_ASSIGNED TASK_
Look through the material beneath and copy each line with the word "convex".
EXERCISE INPUT START
(* Let $p_{0,0},p_{1,0}\in[0,1]$ with $p_{0,0}<p_{1,0}$ (negatively correlated arm) and $0\le\rho_0<\rho_1\le1$. Then the belief updates $\gamma_0$ and $\gamma_1$ defined in the context are decreasing in $\pi\in[0,1]$; moreover $\gamma_1$ is concave and $\gamma_0$ is convex, and $p_{0,0}\le\gamma_0(\pi)\le\gamma_1(\pi)\le p_{1,0}$ for all $\pi\in[0,1]$.
   Context: For $\pi\in[0,1]$ define $\gamma_1(\pi)=\frac{(1-\pi)\rho_1p_{1,0}+\pi\rho_0p_{0,0}}{\rho_1(1-\pi)+\rho_0\pi}$ and $\gamma_0(\pi)=\frac{(1-\pi)(1-\rho_1)p_{1,0}+\pi(1-\rho_0)p_{0,0}}{(1-\rho_1)(1-\pi)+(1-\rho_0)\pi}$. (These are the posterior probabilities of hidden state $0$ of a two-state Markov chain with transition probability $p_{i,0}$ from state $i$ to $0$, after an ACK, respectively a NACK, where $\rho_i$ is the ACK probability in state $i$.) *)

theory Defs
  imports "HOL-Analysis.Analysis"
begin

definition gamma1 :: "real \<Rightarrow> real \<Rightarrow> real \<Rightarrow> real \<Rightarrow> real \<Rightarrow> real" where
  "gamma1 p00 p10 \<rho>0 \<rho>1 \<pi> =
     ((1 - \<pi>) * \<rho>1 * p10 + \<pi> * \<rho>0 * p00) / (\<rho>1 * (1 - \<pi>) + \<rho>0 * \<pi>)"

definition gamma0 :: "real \<Rightarrow> real \<Rightarrow> real \<Rightarrow> real \<Rightarrow> real \<Rightarrow> real" where
  "gamma0 p00 p10 \<rho>0 \<rho>1 \<pi> =
     ((1 - \<pi>) * (1 - \<rho>1) * p10 + \<pi> * (1 - \<rho>0) * p00) /
     ((1 - \<rho>1) * (1 - \<pi>) + (1 - \<rho>0) * \<pi>)"

definition dom1 :: "real \<Rightarrow> real \<Rightarrow> real set" where
  "dom1 \<rho>0 \<rho>1 = {\<pi>. 0 \<le> \<pi> \<and> \<pi> \<le> 1 \<and> \<rho>1 * (1 - \<pi>) + \<rho>0 * \<pi> \<noteq> 0}"

definition dom0 :: "real \<Rightarrow> real \<Rightarrow> real set" where
  "dom0 \<rho>0 \<rho>1 = {\<pi>. 0 \<le> \<pi> \<and> \<pi> \<le> 1 \<and> (1 - \<rho>1) * (1 - \<pi>) + (1 - \<rho>0) * \<pi> \<noteq> 0}"

end

theory Submission
  imports Defs
begin

text \<open>Both updates have the form \<open>\<pi> \<mapsto> p\<^sub>0\<^sub>0 + (p\<^sub>1\<^sub>0 - p\<^sub>0\<^sub>0) w(\<pi>)\<close>, where
\<open>w(\<pi>) = a(1 - \<pi>) / (a(1 - \<pi>) + b\<pi>)\<close> is the posterior probability of state 1 after an
observation of likelihood \<open>a\<close> in state 1 and \<open>b\<close> in state 0 (\<open>a = \<rho>\<^sub>1, b = \<rho>\<^sub>0\<close> for an ACK,
\<open>a = 1 - \<rho>\<^sub>1, b = 1 - \<rho>\<^sub>0\<close> for a NACK). The weight \<open>w\<close> is decreasing, lies in \<open>[0,1]\<close> and
grows with the likelihood ratio \<open>a/b\<close>; moreover it is a Moebius function \<open>c + k / (a + (b - a)\<pi>)\<close> with
\<open>k = ab/(b - a)\<close>, hence convex when \<open>a \<le> b\<close> and concave when \<open>b \<le> a\<close>.\<close>

definition belief_update :: "real \<Rightarrow> real \<Rightarrow> real \<Rightarrow> real \<Rightarrow> real \<Rightarrow> real" where
  "belief_update a b x y \<pi> = ((1 - \<pi>) * a * x + \<pi> * b * y) / (a * (1 - \<pi>) + b * \<pi>)"

definition posterior1 :: "real \<Rightarrow> real \<Rightarrow> real \<Rightarrow> real" where
  "posterior1 a b \<pi> = a * (1 - \<pi>) / (a * (1 - \<pi>) + b * \<pi>)"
EXERCISE INPUT END
_REPLY_
(* Let $p_{0,0},p_{1,0}\in[0,1]$ with $p_{0,0}<p_{1,0}$ (negatively correlated arm) and $0\le\rho_0<\rho_1\le1$. Then the belief updates $\gamma_0$ and $\gamma_1$ defined in the context are decreasing in $\pi\in[0,1]$; moreover $\gamma_1$ is concave and $\gamma_0$ is convex, and $p_{0,0}\le\gamma_0(\pi)\le\gamma_1(\pi)\le p_{1,0}$ for all $\pi\in[0,1]$.
\<open>k = ab/(b - a)\<close>, hence convex when \<open>a \<le> b\<close> and concave when \<open>b \<le> a\<close>.\<close>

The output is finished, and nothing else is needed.